You can specify as many handlers as you like, mixing and matching, completion handlers, success handlers, and failure handlers. All applicable handlers will be called concurrently. This allows you to return the future you got from async so that code further up the call chain can attach their own handlers.

You can also specify a time-out for the Future using the same fluid style. If the specified time-out elapses before the closure completes, an error is set in the Future and its .onFailure and .onCompletion handlers are called. See the comment documentation for Future for more information on that.

As an alternative to the fluid, functional-like, usage above, you can use Future in a more traditionally imperative way, as a placeholder for a yet to be determined value. Used this way, it's much more like C++'s std::future. This is especially useful when you use async to subdivide a larger task into to a number of concurrent subtasks, which must be combined into a final result before continuing.

When using Future as a placeholder, you store it away as you might store the actual value returned by the asynchronous code or the error thrown by it, if it had been called synchronously, and then query the Future for the value or error some time later when you need it. To support this, Future provides blocking properties and methods to query the future and wait for it to be ready, as well as a non-blocking property to query its ready state.

Any handlers that have been attached will still be run, whether or not you use Future as a placeholder. The two styles of use can be used together.

Be aware that in an AppKit/UIKit application, using blocking methods and properties in the main thread can make your app unresponsive while they block. Either use them in separate thread that can safely block, use .isReady to do something else when the Future is not ready, ensure that all asynchronous calls will complete quickly, or just avoid blocking methods and properties altogether by attaching handlers instead.

You can obtain the value or error from the future with its .value and .error properties. We'll use the same foo from the previous examples:

let future = async { return try foo() }

// future.value and future.error will block until the foo returns or throws
if let value = future.value {
    print("foo returned \(value)")
}
else if let error = future.error {
    print("foo threw exception, \(error.localizedDescription)")
}

These properties only return when the future is ready, meaning that foo has either returned a value or thrown an error. Until then, they just block, waiting for foo to complete. When foo does complete, one of the following will be true:

• If it returns a value, .value will contain that value, and .error will be nil.
• If it throws an error, .value will be nil, and .error will contain the error.

The Future will never have both an error and a value.

Note that if a timeout modifer was set as mentioned above, and the specified time-out elapses before the closure completes, .error will contain FutureError.timedOut.

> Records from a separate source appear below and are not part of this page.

lemma abs_set_integral_potential_le:
  fixes p q R x y :: real and f :: "real \<Rightarrow> real"
  assumes p: "1 < p" and q: "1 < q" and pq: "1/p + 1/q = 1" and R: "0 < R"
    and f: "set_borel_measurable lborel {-R<..<R} f"
    and fp: "set_integrable lborel {-R<..<R} (\<lambda>t. \<bar>f t\<bar> powr p)"
  shows "\<bar>LINT z : ball (0::real \<times> real) R | lborel. f (snd z) / norm ((x, y) - z)\<bar>
    \<le> (4 * q + 2) * 6 powr (1/q) * R powr (1/q) * (LINT t:{-R<..<R}|lborel. \<bar>f t\<bar> powr p) powr (1/p)"
proof -
  define fR where "fR t = indicator {-R<..<R} t * f t" for t
  define A where "A = (LINT t:{-R<..<R}|lborel. \<bar>f t\<bar> powr p)"
  have [measurable]: "fR \<in> borel_measurable borel"
    using f unfolding set_borel_measurable_def fR_def[abs_def] by simp
  have fRp: "\<bar>fR t\<bar> powr p = indicator {-R<..<R} t *\<^sub>R \<bar>f t\<bar> powr p" for t
    by (simp add: fR_def indicator_def)
  have "A = (\<integral>t. \<bar>fR t\<bar> powr p \<partial>lborel)"
    unfolding fRp A_def set_lebesgue_integral_def ..
  moreover have "integrable lborel (\<lambda>t. \<bar>fR t\<bar> powr p)"
    unfolding fRp using fp unfolding set_integrable_def .
  ultimately have A: "(\<integral>\<^sup>+t. ennreal (\<bar>fR t\<bar> powr p) \<partial>lborel) = ennreal A" "0 \<le> A"
    by (simp_all add: nn_integral_eq_integral)
  have "\<bar>indicator (ball 0 R) z *\<^sub>R (f (snd z) / norm ((x, y) - z))\<bar>
      = indicator (ball 0 R) z * \<bar>fR (snd z)\<bar> / norm ((x, y) - z)" for z :: "real \<times> real"
    using norm_snd_le[where x="fst z" and y="snd z"]
    by (cases z) (auto simp: fR_def indicator_def abs_less_iff)
  then have "(\<integral>\<^sup>+z. ennreal \<bar>indicator (ball 0 R) z *\<^sub>R (f (snd z) / norm ((x, y) - z))\<bar> \<partial>lborel)
      = (\<integral>\<^sup>+z. ennreal (indicator (ball 0 R) z * \<bar>fR (snd z)\<bar> / norm ((x, y) - z)) \<partial>lborel)"
    by presburger
  also have "\<dots> \<le> ennreal ((4 * q + 2) * 6 powr (1/q) * R powr (1/q) * A powr (1/p))"
    by (rule nn_integral_potential_le[OF p q pq R _ _ A(2)]) (simp_all add: A(1))
  finally have "(\<integral>\<^sup>+z. ennreal \<bar>indicator (ball 0 R) z *\<^sub>R (f (snd z) / norm ((x, y) - z))\<bar> \<partial>lborel)
      \<le> ennreal ((4 * q + 2) * 6 powr (1/q) * R powr (1/q) * A powr (1/p))" .
  then have "(\<integral>z. \<bar>indicator (ball 0 R) z *\<^sub>R (f (snd z) / norm ((x, y) - z))\<bar> \<partial>lborel)
      \<le> (4 * q + 2) * 6 powr (1/q) * R powr (1/q) * A powr (1/p)"
    using q by (intro integral_real_bounded) auto
  then show ?thesis
    unfolding A_def set_lebesgue_integral_def by (rule order_trans[OF integral_abs_bound])
qed

theorem corollary3p7:
  fixes p :: real
  assumes "p > 1"
  shows "\<exists>c::real. \<forall>(R::real) (f::real \<Rightarrow> real) (x::real) (y::real).
           0 < R \<longrightarrow> R < 2 \<longrightarrow>
           set_borel_measurable lborel {-R<..<R} f \<longrightarrow>
           set_integrable lborel {-R<..<R} (\<lambda>t. \<bar>f t\<bar> powr p) \<longrightarrow>
           \<bar>LINT z : ball (0::real \<times> real) R | lborel. f (snd z) / norm ((x, y) - z)\<bar>
             \<le> c * R * (LINT t : {-1..1} | lborel. \<bar>f (R * t)\<bar> powr p) powr (1 / p)"
proof -
  define q where "q = p / (p - 1)"
  have q: "1 < q" and pq: "1/p + 1/q = 1"
    using assms by (auto simp: q_def field_simps)
  \<comment> \<open>the bound holds for every R > 0\<close>
  show ?thesis
  proof (intro exI[of _ "(4 * q + 2) * 6 powr (1/q)"] allI impI)
    fix R :: real and f :: "real \<Rightarrow> real" and x y :: real
    assume R: "0 < R" and f: "set_borel_measurable lborel {-R<..<R} f"
      and fp: "set_integrable lborel {-R<..<R} (\<lambda>t. \<bar>f t\<bar> powr p)"
    define A where "A = (LINT t:{-R<..<R}|lborel. \<bar>f t\<bar> powr p)"
    have rescaled: "(LINT t:{-1..1}|lborel. \<bar>f (R * t)\<bar> powr p) = A / R"
      unfolding A_def using R fp unfolding set_integrable_def
      by (intro set_integral_unit_interval_scaled) (simp_all add: set_borel_measurable_def)
    have "1/q = 1 - 1/p"
      using pq by simp
    then have "R powr (1/q) * A powr (1/p) = R * (A / R) powr (1/p)"
      using R by (simp add: powr_diff powr_divide)
    then show "\<bar>LINT z : ball (0::real \<times> real) R | lborel. f (snd z) / norm ((x, y) - z)\<bar>
        \<le> (4 * q + 2) * 6 powr (1/q) * R * (LINT t:{-1..1}|lborel. \<bar>f (R * t)\<bar> powr p) powr (1 / p)"
      using abs_set_integral_potential_le[OF assms q pq R f fp, of x y]
      by (simp add: rescaled A_def mult.assoc)
  qed
qed

end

If you prefer to use Swift's Result type, you can access the .result property instead of .value and .error:

let future = async { return try foo() }

// future.result will block until future is ready
switch future.result {
    case let .success(value): 
        print("foo returned \(value)")
    case let .failure(error): 
        print("foo threw exception, \(error.localizedDescription)")
}

.result will block in exactly the same way as .value and .error.

If a timeout modifer was set as mentioned above, and the specified time-out elapses before the closure completes, .result will be .failure(FutureError.timedOut).

If you prefer to use do {...} catch {...} blocks for error handling, Future provides a throwing .getValue() method:

let future = async { return try foo() }

// future.getValue() will block until the foo returns or throws
do 
{
    let value = try future.getValue()
    print("foo returned \(value)")
}
catch { print("foo threw exception, \(error.localizedDescription)") }

If you don't need the actual result (perhaps your closure returns Void), you can simply call the .wait() method

let future = async { let _ = try foo() }

future.wait() // block until future is ready

// Now the future is ready, so do other stuff

.wait() also has a time-out variant. It is different from the timeout modifier mentioned above in that it does not set an error in the Future when it times out. It merely stops waiting for the Future to be ready, throwing an error itself when it times out. Refer to Future's comment documentation for more information.

The blocking behavior of .wait(), .value , .error and .result is useful if the code following them depends on the value returned or error thrown by foo, but it can be a problem if you could do other work while you wait for the Future to be ready, because it stops your current thread in its tracks until foo is done, in which case, you don't get much value from using async. For this reason, the ability to determine if the Future is ready without blocking is essential. You can do this with the .isReady property:

let future = async { return try foo() }

while !future.isReady {
    // Do some other work while we wait
}

if let value = future.value {
    print("foo returned \(value)")
}
else if let error = future.error {
    print("foo threw exception, \(error.localizedDescription)")
}

If you're not going to do other work while you wait for the Future to be ready, it's far more efficient to call .wait() rather than looping on .isReady, because all of Future's blocking methods and properties, including .wait(), use DispatchSemaphore under the hood, which can truly suspend the thread, whereas spinning on .isReady will consume CPU cycles unnecessarily.

All of the async variants allow you to specify quality of service (qos), and flags just as the GCD native async and asyncAfter do, and use the same default values when you don't specify them.

The following examples use the global async free functions, but the DispatchQueue extension provides equivalent instance methods with the same signatures as the global functions, so you can call them on a specific DispatchQueue.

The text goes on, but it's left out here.